WORK ORDER. Which lines of the data contain the string "that"? Show each of them.

═══ DATA PROVIDED

(* For every $a\in C\ell_{1,2}$, $L(a^+)=L(a)^+$ and $R(a^+)=R(a)^+$, where on the right-hand sides $M^+$ denotes the Moore–Penrose inverse of a real matrix $M$.
   Context: $C\ell_{1,2}$ is the real Clifford algebra generated by $i_1,i_2,i_3$ with $i_1^2=1$, $i_2^2=i_3^2=-1$ and $i_ti_m=-i_mi_t$ for $t\neq m$, with real basis $e_0=1$, $e_1=i_1$, $e_2=i_2$, $e_3=i_1i_2$, $e_4=i_3$, $e_5=i_1i_3$, $e_6=i_2i_3$, $e_7=i_1i_2i_3$. For $x=\sum_{t=0}^7x_te_t$ write $\overrightarrow{x}=(x_0,\dots,x_7)^T$. $L(a)$, $R(a)$ are the real $8\times8$ matrices with $\overrightarrow{ax}=L(a)\overrightarrow{x}$, $\overrightarrow{xa}=R(a)\overrightarrow{x}$ for all $x$. The prime of $a=\sum a_te_t$ is $a'=a_0+a_1e_1-a_2e_2+a_3e_3-a_4e_4+a_5e_5-a_6e_6-a_7e_7$. For every $a$ there is a unique $x\in C\ell_{1,2}$ with $axa=a$, $xax=x$, $(ax)'=ax$, $(xa)'=xa$, denoted $a^+$ (the Moore–Penrose inverse of $a$). *)

theory Defs
  imports "Jordan_Normal_Form.Matrix"
begin

text \<open>Elements of Cl(1,2) are represented by their coordinate vectors
  (x_0,...,x_7) w.r.t. the basis e_0,...,e_7, i.e. by real vectors of dimension 8.
  The basis element e_t is the product of the generators i_(k+1) for those k < 3
  with bit k of t set, in increasing order (e_3 = i1 i2, e_5 = i1 i3, e_6 = i2 i3,
  e_7 = i1 i2 i3).\<close>

definition gen_sq :: "nat \<Rightarrow> real" where
  "gen_sq k = (if k = 0 then 1 else -1)"

text \<open>e_s * e_t = clsign s t * e_(s xor t): the sign counts the anticommuting
  transpositions needed to sort the generators, times the squares of repeated generators.\<close>
definition clsign :: "nat \<Rightarrow> nat \<Rightarrow> real" where
  "clsign s t =
     (-1) ^ card {(k, j). k < 3 \<and> j < 3 \<and> bit s k \<and> bit t j \<and> j < k}
     * (\<Prod>k\<in>{k. k < 3 \<and> bit s k \<and> bit t k}. gen_sq k)"

definition cl_mult :: "real vec \<Rightarrow> real vec \<Rightarrow> real vec" where
  "cl_mult x y = vec 8 (\<lambda>r. \<Sum>s<8. \<Sum>t<8.
      (if xor s t = r then clsign s t * (x $ s) * (y $ t) else 0))"

definition prime_sign :: "nat \<Rightarrow> real" where
  "prime_sign t = [1, 1, -1, 1, -1, 1, -1, -1] ! t"

definition cl_prime :: "real vec \<Rightarrow> real vec" where
  "cl_prime x = vec 8 (\<lambda>t. prime_sign t * (x $ t))"

definition Lmat :: "real vec \<Rightarrow> real mat" where
  "Lmat a = (THE M. M \<in> carrier_mat 8 8 \<and> (\<forall>x\<in>carrier_vec 8. M *\<^sub>v x = cl_mult a x))"

definition Rmat :: "real vec \<Rightarrow> real mat" where
  "Rmat a = (THE M. M \<in> carrier_mat 8 8 \<and> (\<forall>x\<in>carrier_vec 8. M *\<^sub>v x = cl_mult x a))"

definition cl_mp :: "real vec \<Rightarrow> real vec" where
  "cl_mp a = (THE x. x \<in> carrier_vec 8 \<and> cl_mult (cl_mult a x) a = a
       \<and> cl_mult (cl_mult x a) x = x
       \<and> cl_prime (cl_mult a x) = cl_mult a x \<and> cl_prime (cl_mult x a) = cl_mult x a)"

definition mat_mp :: "real mat \<Rightarrow> real mat" where
  "mat_mp M = (THE X. X \<in> carrier_mat (dim_col M) (dim_row M)
       \<and> M * X * M = M \<and> X * M * X = X
       \<and> (M * X)\<^sup>T = M * X \<and> (X * M)\<^sup>T = X * M)"

end

theory Submission
  imports Defs
begin

text \<open>Left and right multiplication turn Cl(1,2) into 8 x 8 real matrices:
  L is a homomorphism, R an anti-homomorphism, and since the prime is the adjoint of
  left and right multiplication with respect to the coordinate inner product,
  L(a') = L(a)^T and R(a') = R(a)^T.  Hence L and R carry the four Penrose equations
  for a^+ to the Penrose equations for L(a) and R(a), and uniqueness of the matrix
  Moore--Penrose inverse gives the claim.  The same uniqueness, pulled back along the
  injective map L, shows that a^+ is unique.

  Existence of a^+ comes from the norm a a-bar (a-bar the Clifford conjugate), which
  lies in the centre span{1, e_7}, a copy of the complex numbers.  If the norm is
  nonzero, a is invertible with inverse a-bar (a a-bar)^-1.  Otherwise the identity
  a a' a + (a a-bar)(a-bar)' = 2 |a|^2 a shows that a^+ = a' / (2 |a|^2) for a \<noteq> 0.\<close>

lemma eq_vec8I:
  assumes "dim_vec x = 8" "dim_vec y = 8"
    and "x $ 0 = y $ 0" "x $ 1 = y $ 1" "x $ 2 = y $ 2" "x $ 3 = y $ 3"
    and "x $ 4 = y $ 4" "x $ 5 = y $ 5" "x $ 6 = y $ 6" "x $ 7 = y $ 7"
  shows "x = y"
proof (rule eq_vecI)
  fix i assume "i < dim_vec y"
  then have "i < 8" using assms(2) by simp
  then show "x $ i = y $ i"
    using assms(3-) by (auto simp: less_Suc_eq numeral_eq_Suc)
qed (use assms in simp)

lemma scalar_prod_8: "dim_vec y = 8 \<Longrightarrow> x \<bullet> y =
  x $ 0 * y $ 0 + x $ 1 * y $ 1 + x $ 2 * y $ 2 + x $ 3 * y $ 3
  + x $ 4 * y $ 4 + x $ 5 * y $ 5 + x $ 6 * y $ 6 + x $ 7 * y $ 7"
  by (simp add: scalar_prod_def atLeast0LessThan lessThan_nat_numeral ac_simps)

══════

EXERCISE ANSWER.
  injective map L, shows that a^+ is unique.
  a a' a + (a a-bar)(a-bar)' = 2 |a|^2 a shows that a^+ = a' / (2 |a|^2) for a \<noteq> 0.\<close>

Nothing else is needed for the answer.